South Africa 19.4.2017 10:32 am

There’s ‘unanimity’ among ANC MPs on no confidence vote – Malema

FILE PICTURE: EFF leader Julius Malema makes his representation to Parliament's powers and privileges committee. Picture: Nardus Engelbrecht/SAPA

FILE PICTURE: EFF leader Julius Malema makes his representation to Parliament's powers and privileges committee. Picture: Nardus Engelbrecht/SAPA

Malema argues in court papers it is a constitutional obligation for the vote of no confidence in Zuma to be held in secret.

EFF leader Julius Malema has argued in court papers before the Constitutional Court that several ANC MPs he’s spoken to have expressed their desire to have the vote no-confidence motion in President Jacob Zuma to be conducted through a secret ballot, TimesLIVE reports.

“Many ANC MPs I have spoken to have said they would like the matter to be dealt with on a secret-ballot basis to enable them to express their opinions freely,” Malema said.

The red berets and the Inkatha Freedom Party (IFP) filed papers on Tuesday at the superior court in support of the United Democratic Movement’s (UDM) application for a secret ballot in the pending motion of no confidence against Zuma.

Malema argued it was a constitutional obligation for the vote to be held in secret.

He said one of the functions of the National Assembly, as outlined in the constitution in section 86(2), “specifically obliges a secret ballot in the event of two or more candidates being nominated”.

“There is no unanimity on whether President Zuma should remain as president or not.
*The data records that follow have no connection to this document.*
lemma Pinv_le_exp:
  assumes "M > 0"
    and lower: "\<forall>\<^sub>F x in at_top. M * ln x \<le> \<phi> x"
    and upper: "\<forall>\<^sub>F x in at_top. \<phi> x \<in> \<Phi> ` {xb..} \<and> Pinv (\<phi> x) \<le> K * x"
  shows "\<forall>\<^sub>F t in at_top. Pinv t \<le> K * exp (t / M)"
proof -
  have "filterlim (\<lambda>t. inverse M * t) at_top at_top"
    using assms(1) by (intro filterlim_tendsto_pos_mult_at_top[OF tendsto_const] filterlim_ident) simp
  then have "filterlim (\<lambda>t. exp (t / M)) at_top at_top"
    by (intro filterlim_compose[OF exp_at_top]) (simp add: divide_inverse mult.commute)
  then have "\<forall>\<^sub>F t in at_top. M * ln (exp (t / M)) \<le> \<phi> (exp (t / M)) \<and>
      \<phi> (exp (t / M)) \<in> \<Phi> ` {xb..} \<and> Pinv (\<phi> (exp (t / M))) \<le> K * exp (t / M)"
    using eventually_conj[OF lower upper] unfolding filterlim_iff by blast
  moreover have "\<forall>\<^sub>F t in at_top. t0 \<le> t"
    by (rule eventually_ge_at_top)
  ultimately show ?thesis
  proof eventually_elim
    case (elim t)
    then have "t \<le> \<phi> (exp (t / M))"
      using assms(1) by simp
    then have "Pinv t \<le> Pinv (\<phi> (exp (t / M)))"
      using elim by (intro Pinv_mono) auto
    then show ?case
      using elim by linarith
  qed
qed

end

lemma class_ii_ln_le_phi:
  assumes "class_ii \<phi> \<Phi> xb"
  shows "\<forall>\<^sub>F x in at_top. M * ln x \<le> \<phi> x"
proof -
  have "\<forall>\<^sub>F x in at_top. M \<le> \<phi> x / ln x"
    using assms unfolding class_ii_def filterlim_at_top by blast
  moreover have "\<forall>\<^sub>F x in at_top. (1::real) < x"
    by (rule eventually_gt_at_top)
  ultimately show ?thesis
    by eventually_elim (simp add: field_simps)
qed

lemma class_ii_concave_profile:
  assumes "class_ii \<phi> \<Phi> xb"
  obtains D0 where "concave_profile \<Phi> xb D0"
proof -
  obtain \<Phi>' where deriv: "\<And>x. x \<ge> xb \<Longrightarrow> (\<Phi> has_real_derivative \<Phi>' x) (at x within {xb..})"
    using assms unfolding class_ii_def by blast
  have "continuous_on {xb..} \<Phi>"
    unfolding continuous_on_eq_continuous_within by (auto intro: DERIV_continuous[OF deriv])
  moreover have "\<exists>x\<ge>xb. t \<le> \<Phi> x" for t
  proof -
    have "\<forall>\<^sub>F x in at_top. t \<le> ln x"
      using ln_at_top unfolding filterlim_at_top by blast
    moreover have "\<forall>\<^sub>F x in at_top. \<phi> x \<in> \<Phi> ` {xb..}"
      using assms by (simp add: class_ii_def)
    ultimately have "\<forall>\<^sub>F x in at_top. t \<le> \<phi> x \<and> \<phi> x \<in> \<Phi> ` {xb..}"
      using class_ii_ln_le_phi[OF assms, of 1] by eventually_elim auto
    then obtain x where "t \<le> \<phi> x" "\<phi> x \<in> \<Phi> ` {xb..}"
      using eventually_happens by force
    then show ?thesis by auto
  qed
  ultimately have "concave_profile \<Phi> xb (\<Phi>' xb)"
    using assms deriv[of xb] unfolding class_ii_def by unfold_locales auto
  then show ?thesis ..
qed

lemma class_ii_Pinv_le_linear:
  assumes "class_ii \<phi> \<Phi> xb"
  obtains K where "K > 0"
    and "\<forall>\<^sub>F x in at_top. \<phi> x \<in> \<Phi> ` {xb..} \<and> Phi_inv \<Phi> xb (\<phi> x) \<le> K * x"
proof -
  have "Limsup at_top (\<lambda>x. ereal (Phi_inv \<Phi> xb (\<phi> x) / x)) \<noteq> \<infinity>"
    using assms by (simp add: class_ii_def)
  then obtain n :: nat where "Limsup at_top (\<lambda>x. ereal (Phi_inv \<Phi> xb (\<phi> x) / x)) < ereal n"
    unfolding less_PInf_Ex_of_nat by blast
  from Limsup_lessD[OF this] have "\<forall>\<^sub>F x in at_top. Phi_inv \<Phi> xb (\<phi> x) / x < n"
    by simp
  moreover have "\<forall>\<^sub>F x in at_top. (0::real) < x"
    by (rule eventually_gt_at_top)
  moreover have "\<forall>\<^sub>F x in at_top. \<phi> x \<in> \<Phi> ` {xb..}"
    using assms by (simp add: class_ii_def)
  ultimately have "\<forall>\<^sub>F x in at_top. \<phi> x \<in> \<Phi> ` {xb..} \<and> Phi_inv \<Phi> xb (\<phi> x) \<le> (real n + 1) * x"
  proof eventually_elim
    case (elim x)
    then have "Phi_inv \<Phi> xb (\<phi> x) < n * x"
      by (simp add: divide_less_eq)
    with elim show ?case
      by (simp add: distrib_right)
  qed
  then show ?thesis
    using that[of "real n + 1"] by simp
qed

lemma set_integrable_dens_of:
  assumes "\<phi> \<in> borel_measurable borel" and "prob_space (nu_of \<phi>)"
  shows "set_integrable lborel {0..} (dens_of \<phi>)"
proof -
  have "(\<integral>\<^sup>+x. ennreal (indicator {0..} x * dens_of \<phi> x) \<partial>lborel) = emeasure (nu_of \<phi>) UNIV"
    unfolding nu_of_def dens_of_def using assms(1) by (subst emeasure_density) auto
  also have "\<dots> = 1"
    using prob_space.emeasure_space_1[OF assms(2)] by (simp add: nu_of_def)
  finally show ?thesis
    unfolding set_integrable_def dens_of_def using assms(1)
    by (intro integrableI_nonneg) (auto simp: mult.commute)
qed

theorem proposition4p3:
  fixes \<phi> \<Phi> :: "real \<Rightarrow> real" and xb \<theta> :: real and \<eta> :: "real measure"
  assumes "\<phi> \<in> borel_measurable borel"
    and "prob_space (nu_of \<phi>)"
    and "prob_space \<eta>" and "sets \<eta> = sets borel" and "emeasure \<eta> {..<0} = 0"
    and "class_ii \<phi> \<Phi> xb"
    and "\<theta> > 1"
  shows "(fdiv (F_Phi \<Phi> xb \<theta>) \<eta> (dens_of \<phi>) < \<infinity> \<longrightarrow> fdiv F_KL \<eta> (dens_of \<phi>) < \<infinity>) \<and>
         ((\<exists>\<alpha>>1. fdiv (F_alpha \<alpha>) \<eta> (dens_of \<phi>) < \<infinity>) \<longrightarrow>
            fdiv (F_Phi \<Phi> xb \<theta>) \<eta> (dens_of \<phi>) < \<infinity>)"
proof -
  obtain D0 where "concave_profile \<Phi> xb D0"
    using class_ii_concave_profile[OF assms(6)] .
  then interpret concave_profile \<Phi> xb D0 .
  note fdiv_transfer = fdiv_less_infinity_if_affinely_dominated[where f = "dens_of \<phi>",
      OF _ _ _ _ _ set_integrable_dens_of[OF assms(1,2)] assms(3,4)]
  have dens: "dens_of \<phi> \<in> borel_measurable borel" "\<And>x. dens_of \<phi> x > 0"
    unfolding dens_of_def using assms(1) by auto
  have F_Phi_meas: "F_Phi \<Phi> xb \<theta> \<in> borel_measurable borel"
    using F_Phi_measurable assms(7) by simp
  have "F_KL \<in> borel_measurable borel"
    unfolding F_KL_def by measurable
  then have "fdiv F_KL \<eta> (dens_of \<phi>) < \<infinity>" if "fdiv (F_Phi \<Phi> xb \<theta>) \<eta> (dens_of \<phi>) < \<infinity>"
    using fdiv_transfer[OF that F_KL_affinely_dominated_F_Phi _ dens] assms(7) by simp
  moreover have "fdiv (F_Phi \<Phi> xb \<theta>) \<eta> (dens_of \<phi>) < \<infinity>"
    if \<alpha>: "\<alpha> > 1" and fin: "fdiv (F_alpha \<alpha>) \<eta> (dens_of \<phi>) < \<infinity>" for \<alpha>
  proof -
    define M where "M = \<theta> / (\<alpha> - 1)"
    have M: "M > 0" "1 + \<theta> / M = \<alpha>"
      using \<alpha> assms(7) by (auto simp: M_def)
    obtain K where K: "K > 0"
      and "\<forall>\<^sub>F x in at_top. \<phi> x \<in> \<Phi> ` {xb..} \<and> Pinv (\<phi> x) \<le> K * x"
      using class_ii_Pinv_le_linear[OF assms(6)] by blast
    then have growth: "\<forall>\<^sub>F t in at_top. Pinv t \<le> K * exp (t / M)"
      by (intro Pinv_le_exp[OF M(1) class_ii_ln_le_phi[OF assms(6)]])
    have "affinely_dominated (F_Phi \<Phi> xb \<theta>) (\<lambda>y. y powr \<alpha>)"
      using F_Phi_affinely_dominated_powr[OF M(1) K _ growth, of \<theta>] assms(7)
      unfolding M(2) by simp
    then show ?thesis
      using fdiv_transfer[OF fin _ F_Phi_meas dens] affinely_dominated_trans
        powr_affinely_dominated_F_alpha[OF \<alpha>]
      by blast
  qed
  ultimately show ?thesis
    by blast
qed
It is a highly contested question.

“It is thus a scenario comparable with that envisaged in a contested election of the president,” Malema’s affidavit said.
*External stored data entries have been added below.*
lemma Pi0_4_monotone_normal_form:
  assumes "Y \<in> Pi0 4"
  obtains w :: "nat \<Rightarrow> nat \<Rightarrow> nat \<Rightarrow> ('a \<Rightarrow> bool) set"
  where "\<And>i j k. openin cantor_top (w i j k)" "Y = {\<Phi>. \<forall>i. \<exists>j. \<forall>k. \<Phi> \<in> w i j k}"
    and "\<And>i i' j \<Phi>. i' \<le> i \<Longrightarrow> \<forall>k. \<Phi> \<in> w i j k \<Longrightarrow> \<forall>k. \<Phi> \<in> w i' j k"
proof -
  obtain v :: "nat \<Rightarrow> nat \<Rightarrow> nat \<Rightarrow> ('a \<Rightarrow> bool) set"
    where v: "\<And>i j k. openin cantor_top (v i j k)" "Y = {\<Phi>. \<forall>i. \<exists>j. \<forall>k. \<Phi> \<in> v i j k}"
    using Pi0_4_normal_form[OF assms] by blast
  \<comment> \<open>\<open>j\<close> codes a list of witnesses for the rows up to \<open>i\<close>; beyond the length of the
    list, \<open>nth\<close> yields an unspecified but fixed number, which is harmless.\<close>
  define w where "w i j k = (\<Inter>i'\<le>i. v i' ((from_nat j :: nat list) ! i') k)" for i j k
  have all_w: "(\<forall>k. \<Phi> \<in> w i j k) \<longleftrightarrow> (\<forall>i'\<le>i. \<forall>k. \<Phi> \<in> v i' ((from_nat j :: nat list) ! i') k)"
    for \<Phi> i j
    unfolding w_def by blast
  show thesis
  proof
    show "openin cantor_top (w i j k)" for i j k
      unfolding w_def using v(1) by (intro openin_INT2) auto
    show "\<forall>k. \<Phi> \<in> w i' j k" if "i' \<le> i" "\<forall>k. \<Phi> \<in> w i j k" for i i' j \<Phi>
      using that unfolding all_w by simp
    have "(\<forall>i. \<exists>j. \<forall>k. \<Phi> \<in> w i j k) \<longleftrightarrow> (\<forall>i. \<exists>j. \<forall>k. \<Phi> \<in> v i j k)" for \<Phi>
    proof
      assume "\<forall>i. \<exists>j. \<forall>k. \<Phi> \<in> w i j k"
      then show "\<forall>i. \<exists>j. \<forall>k. \<Phi> \<in> v i j k"
        unfolding all_w by blast
    next
      assume "\<forall>i. \<exists>j. \<forall>k. \<Phi> \<in> v i j k"
      then obtain f where f: "\<And>i k. \<Phi> \<in> v i (f i) k"
        by metis
      have "\<forall>k. \<Phi> \<in> w i (to_nat (map f [0..<Suc i])) k" for i
        unfolding all_w using f by (simp add: nth_map_upt del: upt_Suc)
      then show "\<forall>i. \<exists>j. \<forall>k. \<Phi> \<in> w i j k"
        by blast
    qed
    then show "Y = {\<Phi>. \<forall>i. \<exists>j. \<forall>k. \<Phi> \<in> w i j k}"
      unfolding v(2) by blast
  qed
qed
lemma fwd_sol_sysf_abs_le:
  assumes sol: "fwd_sol (sysf a) p {0..T} \<phi>"
    and in_cusp: "\<And>s. s \<in> {0..T} \<Longrightarrow> \<phi> s \<in> cusp a 1" and t: "t \<in> {0..T}"
  shows "\<bar>fst (\<phi> t)\<bar> \<le> \<bar>fst p\<bar>" and "\<bar>snd (\<phi> t)\<bar> \<le> \<bar>snd p\<bar>"
proof -
  have \<phi>0: "\<phi> 0 = p"
    using sol by (simp add: fwd_sol_def)
  have x_rate: "\<bar>fst (\<phi> s)\<bar> powr a - \<bar>snd (\<phi> s)\<bar> \<le> 0"
    and y_rate: "1/2 * \<bar>fst (\<phi> s)\<bar> powr a - \<bar>snd (\<phi> s)\<bar> \<le> 0" if "0 < s" "s < t" for s
    using in_cusp[of s] that t by (auto simp: cusp_def)
  have "(fst (\<phi> t))\<^sup>2 \<le> (fst (\<phi> 0))\<^sup>2"
  proof (rule deriv_nonpos_imp_ge_within[where g="\<lambda>s. (fst (\<phi> s))\<^sup>2"])
    fix s assume "s \<in> {0..T}"
    show "((\<lambda>s. (fst (\<phi> s))\<^sup>2) has_real_derivative
        2 * (fst (\<phi> s))\<^sup>2 * (\<bar>fst (\<phi> s)\<bar> powr a - \<bar>snd (\<phi> s)\<bar>)) (at s within {0..T})"
      using fwd_sol_sysf_components(1)[OF sol \<open>s \<in> {0..T}\<close>]
      by (auto intro!: derivative_eq_intros simp: power2_eq_square algebra_simps)
  qed (use t x_rate in \<open>auto intro: mult_nonneg_nonpos\<close>)
  then show "\<bar>fst (\<phi> t)\<bar> \<le> \<bar>fst p\<bar>"
    by (simp add: \<phi>0 abs_le_square_iff)
  have "(snd (\<phi> t))\<^sup>2 \<le> (snd (\<phi> 0))\<^sup>2"
  proof (rule deriv_nonpos_imp_ge_within[where g="\<lambda>s. (snd (\<phi> s))\<^sup>2"])
    fix s assume "s \<in> {0..T}"
    show "((\<lambda>s. (snd (\<phi> s))\<^sup>2) has_real_derivative
        2 * (snd (\<phi> s))\<^sup>2 * (1/2 * \<bar>fst (\<phi> s)\<bar> powr a - \<bar>snd (\<phi> s)\<bar>)) (at s within {0..T})"
      using fwd_sol_sysf_components(2)[OF sol \<open>s \<in> {0..T}\<close>]
      by (auto intro!: derivative_eq_intros simp: power2_eq_square algebra_simps)
  qed (use t y_rate in \<open>auto intro: mult_nonneg_nonpos\<close>)
  then show "\<bar>snd (\<phi> t)\<bar> \<le> \<bar>snd p\<bar>"
    by (simp add: \<phi>0 abs_le_square_iff)
qed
The EFF leader cited a Facebook post by ANC MP Makhosi Khoza in which she outlined the dilemma faced by the governing party’s MPs regarding the no confidence vote.

Khoza’s post showed that the party’s MPs believed they were being compelled to toe the party line by siding with the “injudicious leadership” of the ANC instead of acting as elected public representatives serving in parliament, Malema said.

He also urged that the National Assembly has the power to remove the president from office as provided for in the constitution, but it does not make definite statements about secret balloting.

“Power of the appointment of the president includes the power of his removal,” and the same procedure was applicable, he said.

Both the EFF and the IFP have been cited as respondents in the UDM’s case.

The UDM is expected to file its response to the court today after Zuma and speaker of parliament Baleka Mbete filed their papers last week asking the ConCourt to dismiss its application.